- _WORK TO COMPLETE_
Return each line of the data below that contains the string "shows".

(Collected data)
(* Let $d\ge 1$, $\varepsilon>0$, let $Q_k,R_k\in\mathbb{R}^{d\times d}$ be symmetric positive definite matrices and $x_k^*\in\mathbb{R}^d$. Define for $x,y\in\mathbb{R}^d$ $$r_k(x,y)=\exp\Big(-\tfrac{1}{\varepsilon}\Big[\tfrac12 (x-x_k^* )^T Q_k (x-x_k^* )+\tfrac12 (y-x)^T R_k (y-x)\Big]\Big).$$ Let $P_{k+1}^{\ominus}\in\mathbb{R}^{d\times d}$ be symmetric positive definite, $\alpha_{k+1}^{\ominus}\in\mathbb{R}^d$, and $\phi_{k+1}^{\ominus}(y)=\mathcal{N}(y\mid \alpha_{k+1}^{\ominus},(P_{k+1}^{\ominus})^{-1})$. Then the function $$\phi_k^{\ominus}(x)=\int_{\mathbb{R}^d} r_k(x,y)\,\phi_{k+1}^{\ominus}(y)\,dy$$ is, up to a positive multiplicative constant, the Gaussian density $\mathcal{N}(x\mid \alpha_k^{\ominus},(P_k^{\ominus})^{-1})$, where $$P_k^{\ominus}=Q_k/\varepsilon+\big(\varepsilon R_k^{-1}+(P_{k+1}^{\ominus})^{-1}\big)^{-1}=Q_k/\varepsilon+P_{k+1}^{\ominus}-P_{k+1}^{\ominus}\big(R_k/\varepsilon+P_{k+1}^{\ominus}\big)^{-1}P_{k+1}^{\ominus},$$ $$\alpha_k^{\ominus}=(P_k^{\ominus})^{-1}\Big(\tfrac{1}{\varepsilon}Q_k x_k^*+\big(\varepsilon R_k^{-1}+(P_{k+1}^{\ominus})^{-1}\big)^{-1}\alpha_{k+1}^{\ominus}\Big)=\alpha_{k+1}^{\ominus}+(P_k^{\ominus})^{-1}\tfrac{1}{\varepsilon}Q_k\,(x_k^*-\alpha_{k+1}^{\ominus}).$$
   Context: $\mathcal{N}(x\mid\mu,\Sigma)$ denotes the Gaussian density on $\mathbb{R}^d$ with mean $\mu$ and covariance $\Sigma$. The function $r_k$ is the (unnormalized) pairwise reference measure $\exp(-\ell_k/\varepsilon)$ associated with the LQR transition cost $\ell_k(x_k,x_{k+1})=\frac12(x_k-x_k^* )^TQ_k(x_k-x_k^* )+\frac12(x_{k+1}-x_k)^TR_k(x_{k+1}-x_k)$, and $\phi^{\ominus}_k$ is the backward-propagated Gibbs potential of the Schrödinger system. *)

theory Defs
  imports "HOL-Analysis.Analysis"
begin

definition spd :: "real^'n^'n \<Rightarrow> bool" where
  "spd A \<longleftrightarrow> transpose A = A \<and> (\<forall>x. x \<noteq> 0 \<longrightarrow> x \<bullet> (A *v x) > 0)"

definition gauss_dens :: "real^'n \<Rightarrow> real^'n^'n \<Rightarrow> real^'n \<Rightarrow> real" where
  "gauss_dens mu S x =
     exp (-(1/2) * ((x - mu) \<bullet> (matrix_inv S *v (x - mu))))
     / sqrt ((2 * pi) ^ CARD('n) * det S)"

definition lqr_ref :: "real \<Rightarrow> real^'n^'n \<Rightarrow> real^'n^'n \<Rightarrow> real^'n \<Rightarrow> real^'n \<Rightarrow> real^'n \<Rightarrow> real" where
  "lqr_ref eps Q R xs x y =
     exp (-(1/eps) * ((1/2) * ((x - xs) \<bullet> (Q *v (x - xs))) + (1/2) * ((y - x) \<bullet> (R *v (y - x)))))"

end

theory Submission
  imports Defs "HOL-Probability.Distributions"
begin

(* Up to the factor -1/2, the exponent of r_k(x,y) phi(y) is a sum of three quadratic forms:
   Q/eps centred at x_k^*, R/eps in y - x, and P_{k+1} centred at alpha_{k+1}.  Completing the
   square in y leaves a Gaussian kernel in y with precision R/eps + P_{k+1} and an x-dependent
   mean, plus a quadratic form in x - alpha_{k+1} whose matrix is the parallel sum
   (R/eps) (R/eps + P_{k+1})^-1 P_{k+1} = (eps R^-1 + P_{k+1}^-1)^-1.  By translation invariance
   of Lebesgue measure the y-integral of the kernel does not depend on x, and completing the square
   once more, now in x, yields the Gaussian with precision P_k and mean alpha_k times a constant. *)

lemma matrix_inv_right:
  fixes A :: "'a::field^'n^'n"
  assumes "invertible A"
  shows "A ** matrix_inv A = mat 1"
  using someI_ex[OF assms[unfolded invertible_def]] unfolding matrix_inv_def by auto

lemma matrix_inv_left:
  fixes A :: "'a::field^'n^'n"
  assumes "invertible A"
  shows "matrix_inv A ** A = mat 1"
  using someI_ex[OF assms[unfolded invertible_def]] unfolding matrix_inv_def by auto

lemma matrix_inv_unique:
  fixes A B :: "'a::field^'n^'n"
  assumes "A ** B = mat 1"
  shows "matrix_inv A = B"
proof -
  have "invertible A"
    using assms invertible_right_inverse by blast
  then have "matrix_inv A = matrix_inv A ** (A ** B)"
    using assms by simp
  also have "\<dots> = B"
    by (simp add: matrix_mul_assoc matrix_inv_left[OF \<open>invertible A\<close>])
  finally show ?thesis .
qed

lemma matrix_inv_matrix_inv:
  fixes A :: "'a::field^'n^'n"
  assumes "invertible A"
  shows "matrix_inv (matrix_inv A) = A"
  by (rule matrix_inv_unique[OF matrix_inv_left[OF assms]])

- _RESPONSE AREA_
  shows "A ** matrix_inv A = mat 1"
  shows "matrix_inv A ** A = mat 1"
  shows "matrix_inv A = B"
  shows "matrix_inv (matrix_inv A) = A"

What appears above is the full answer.